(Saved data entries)
========================================
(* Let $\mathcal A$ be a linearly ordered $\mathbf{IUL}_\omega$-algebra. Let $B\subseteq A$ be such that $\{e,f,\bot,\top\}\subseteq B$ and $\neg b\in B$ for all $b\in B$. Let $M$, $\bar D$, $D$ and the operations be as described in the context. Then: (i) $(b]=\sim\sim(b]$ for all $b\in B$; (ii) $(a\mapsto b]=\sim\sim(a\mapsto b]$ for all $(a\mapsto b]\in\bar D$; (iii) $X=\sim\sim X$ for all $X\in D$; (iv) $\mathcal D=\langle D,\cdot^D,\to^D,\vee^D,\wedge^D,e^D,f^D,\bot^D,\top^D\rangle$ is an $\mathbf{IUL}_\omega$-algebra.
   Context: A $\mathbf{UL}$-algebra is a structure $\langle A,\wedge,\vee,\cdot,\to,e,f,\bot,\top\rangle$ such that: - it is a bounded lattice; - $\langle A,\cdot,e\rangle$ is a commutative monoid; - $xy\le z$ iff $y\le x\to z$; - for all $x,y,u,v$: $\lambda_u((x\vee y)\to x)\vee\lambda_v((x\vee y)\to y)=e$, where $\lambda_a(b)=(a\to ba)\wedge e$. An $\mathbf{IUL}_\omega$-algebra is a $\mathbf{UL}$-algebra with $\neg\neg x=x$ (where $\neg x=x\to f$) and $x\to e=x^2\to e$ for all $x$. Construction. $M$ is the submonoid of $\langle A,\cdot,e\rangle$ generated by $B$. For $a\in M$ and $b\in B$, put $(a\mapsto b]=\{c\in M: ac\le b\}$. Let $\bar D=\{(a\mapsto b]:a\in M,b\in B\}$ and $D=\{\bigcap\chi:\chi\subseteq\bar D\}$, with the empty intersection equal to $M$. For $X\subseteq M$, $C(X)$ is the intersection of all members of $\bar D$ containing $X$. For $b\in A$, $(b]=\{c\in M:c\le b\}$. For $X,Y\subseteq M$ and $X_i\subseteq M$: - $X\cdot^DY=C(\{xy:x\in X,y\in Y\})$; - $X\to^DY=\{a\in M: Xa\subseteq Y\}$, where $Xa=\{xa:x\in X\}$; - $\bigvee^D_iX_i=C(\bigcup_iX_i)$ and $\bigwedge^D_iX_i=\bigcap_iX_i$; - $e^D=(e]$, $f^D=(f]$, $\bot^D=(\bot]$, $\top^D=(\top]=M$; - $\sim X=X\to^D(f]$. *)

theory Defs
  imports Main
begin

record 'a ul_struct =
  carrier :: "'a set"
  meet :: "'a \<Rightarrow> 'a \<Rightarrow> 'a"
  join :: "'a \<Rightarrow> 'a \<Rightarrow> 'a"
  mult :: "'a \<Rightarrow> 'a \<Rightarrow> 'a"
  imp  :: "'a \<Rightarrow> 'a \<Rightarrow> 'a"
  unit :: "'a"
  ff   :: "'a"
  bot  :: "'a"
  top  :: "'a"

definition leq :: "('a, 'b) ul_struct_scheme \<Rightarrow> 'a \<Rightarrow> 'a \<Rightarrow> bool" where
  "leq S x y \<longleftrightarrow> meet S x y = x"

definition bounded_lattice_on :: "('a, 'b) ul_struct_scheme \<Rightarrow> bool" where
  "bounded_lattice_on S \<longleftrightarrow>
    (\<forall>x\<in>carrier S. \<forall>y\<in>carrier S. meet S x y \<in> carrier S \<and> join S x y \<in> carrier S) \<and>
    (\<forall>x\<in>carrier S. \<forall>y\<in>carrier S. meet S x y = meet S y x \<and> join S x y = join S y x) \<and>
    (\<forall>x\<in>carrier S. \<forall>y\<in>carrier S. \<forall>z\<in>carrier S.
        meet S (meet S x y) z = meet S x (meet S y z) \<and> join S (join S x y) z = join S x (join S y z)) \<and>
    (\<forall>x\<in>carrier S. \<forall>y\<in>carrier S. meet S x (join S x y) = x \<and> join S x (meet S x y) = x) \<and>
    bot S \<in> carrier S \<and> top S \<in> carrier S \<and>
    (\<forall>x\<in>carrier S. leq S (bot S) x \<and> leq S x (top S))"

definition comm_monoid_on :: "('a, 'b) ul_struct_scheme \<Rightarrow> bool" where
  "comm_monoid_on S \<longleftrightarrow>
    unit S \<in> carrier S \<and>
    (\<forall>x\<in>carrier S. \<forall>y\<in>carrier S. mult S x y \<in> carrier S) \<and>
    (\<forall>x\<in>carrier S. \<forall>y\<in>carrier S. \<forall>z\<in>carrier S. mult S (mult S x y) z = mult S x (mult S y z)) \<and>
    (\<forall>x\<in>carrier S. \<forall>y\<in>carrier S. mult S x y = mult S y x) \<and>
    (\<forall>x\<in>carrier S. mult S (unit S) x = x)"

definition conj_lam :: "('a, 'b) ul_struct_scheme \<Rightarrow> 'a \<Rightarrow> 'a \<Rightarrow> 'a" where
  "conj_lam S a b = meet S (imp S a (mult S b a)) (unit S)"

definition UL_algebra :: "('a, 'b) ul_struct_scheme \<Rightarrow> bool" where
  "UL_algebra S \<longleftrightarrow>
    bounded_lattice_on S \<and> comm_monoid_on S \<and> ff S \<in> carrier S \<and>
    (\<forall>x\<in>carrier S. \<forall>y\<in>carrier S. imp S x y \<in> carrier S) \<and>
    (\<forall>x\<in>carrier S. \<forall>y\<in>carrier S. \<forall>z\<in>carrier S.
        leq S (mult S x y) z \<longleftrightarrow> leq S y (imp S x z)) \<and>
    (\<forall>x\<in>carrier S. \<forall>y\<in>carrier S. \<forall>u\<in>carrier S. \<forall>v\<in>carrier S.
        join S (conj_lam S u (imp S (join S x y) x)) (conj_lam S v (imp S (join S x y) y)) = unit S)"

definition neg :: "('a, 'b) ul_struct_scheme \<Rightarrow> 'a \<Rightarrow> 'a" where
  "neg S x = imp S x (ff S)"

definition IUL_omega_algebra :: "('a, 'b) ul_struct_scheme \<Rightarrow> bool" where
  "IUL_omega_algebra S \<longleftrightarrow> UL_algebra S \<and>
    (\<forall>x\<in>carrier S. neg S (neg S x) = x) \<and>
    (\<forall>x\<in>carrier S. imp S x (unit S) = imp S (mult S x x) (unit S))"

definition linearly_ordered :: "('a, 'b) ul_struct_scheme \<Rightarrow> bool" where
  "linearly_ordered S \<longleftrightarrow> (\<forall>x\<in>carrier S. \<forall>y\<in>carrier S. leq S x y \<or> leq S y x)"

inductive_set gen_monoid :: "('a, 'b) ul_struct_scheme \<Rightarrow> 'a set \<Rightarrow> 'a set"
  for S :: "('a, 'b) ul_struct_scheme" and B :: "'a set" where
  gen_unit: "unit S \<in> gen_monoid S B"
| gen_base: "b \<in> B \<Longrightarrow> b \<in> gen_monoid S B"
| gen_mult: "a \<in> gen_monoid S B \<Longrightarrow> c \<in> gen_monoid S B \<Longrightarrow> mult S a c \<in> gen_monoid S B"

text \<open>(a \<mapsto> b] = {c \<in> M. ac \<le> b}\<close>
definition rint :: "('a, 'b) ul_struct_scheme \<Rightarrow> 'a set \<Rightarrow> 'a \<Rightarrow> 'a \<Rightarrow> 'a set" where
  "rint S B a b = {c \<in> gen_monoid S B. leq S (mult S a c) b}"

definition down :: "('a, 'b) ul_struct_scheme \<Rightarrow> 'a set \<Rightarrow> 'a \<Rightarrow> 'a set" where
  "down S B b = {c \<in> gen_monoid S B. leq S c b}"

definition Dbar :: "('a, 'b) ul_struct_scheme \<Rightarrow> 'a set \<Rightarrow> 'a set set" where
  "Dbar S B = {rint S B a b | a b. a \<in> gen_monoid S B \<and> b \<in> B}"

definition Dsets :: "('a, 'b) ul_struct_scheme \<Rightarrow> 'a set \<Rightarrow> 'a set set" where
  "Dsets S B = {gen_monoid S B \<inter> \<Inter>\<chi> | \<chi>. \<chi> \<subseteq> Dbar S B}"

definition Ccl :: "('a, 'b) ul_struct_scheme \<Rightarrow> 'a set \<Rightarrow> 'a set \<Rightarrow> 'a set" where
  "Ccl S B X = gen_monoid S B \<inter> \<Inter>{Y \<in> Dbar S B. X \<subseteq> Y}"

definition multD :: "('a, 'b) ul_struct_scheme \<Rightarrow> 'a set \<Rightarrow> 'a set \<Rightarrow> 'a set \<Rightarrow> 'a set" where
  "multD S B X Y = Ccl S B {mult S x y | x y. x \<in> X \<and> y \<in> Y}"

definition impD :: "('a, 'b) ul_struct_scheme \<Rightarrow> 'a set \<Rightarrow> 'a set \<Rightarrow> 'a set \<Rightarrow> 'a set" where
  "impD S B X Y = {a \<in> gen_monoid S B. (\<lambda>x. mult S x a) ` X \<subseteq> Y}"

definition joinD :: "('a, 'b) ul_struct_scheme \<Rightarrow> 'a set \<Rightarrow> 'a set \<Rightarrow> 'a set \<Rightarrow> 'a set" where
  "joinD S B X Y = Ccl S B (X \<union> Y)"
========================================
■ Directions for this task
Your answer should consist only of the lines above between the line holding "(\<forall>x\<in>carrier S. neg" and the line holding "B \<Longrightarrow> b", inclusive, each transcribed exactly.

■ Answer to the problem
    (\<forall>x\<in>carrier S. neg S (neg S x) = x) \<and>
    (\<forall>x\<in>carrier S. imp S x (unit S) = imp S (mult S x x) (unit S))"

definition linearly_ordered :: "('a, 'b) ul_struct_scheme \<Rightarrow> bool" where
  "linearly_ordered S \<longleftrightarrow> (\<forall>x\<in>carrier S. \<forall>y\<in>carrier S. leq S x y \<or> leq S y x)"

inductive_set gen_monoid :: "('a, 'b) ul_struct_scheme \<Rightarrow> 'a set \<Rightarrow> 'a set"
  for S :: "('a, 'b) ul_struct_scheme" and B :: "'a set" where
  gen_unit: "unit S \<in> gen_monoid S B"
| gen_base: "b \<in> B \<Longrightarrow> b \<in> gen_monoid S B"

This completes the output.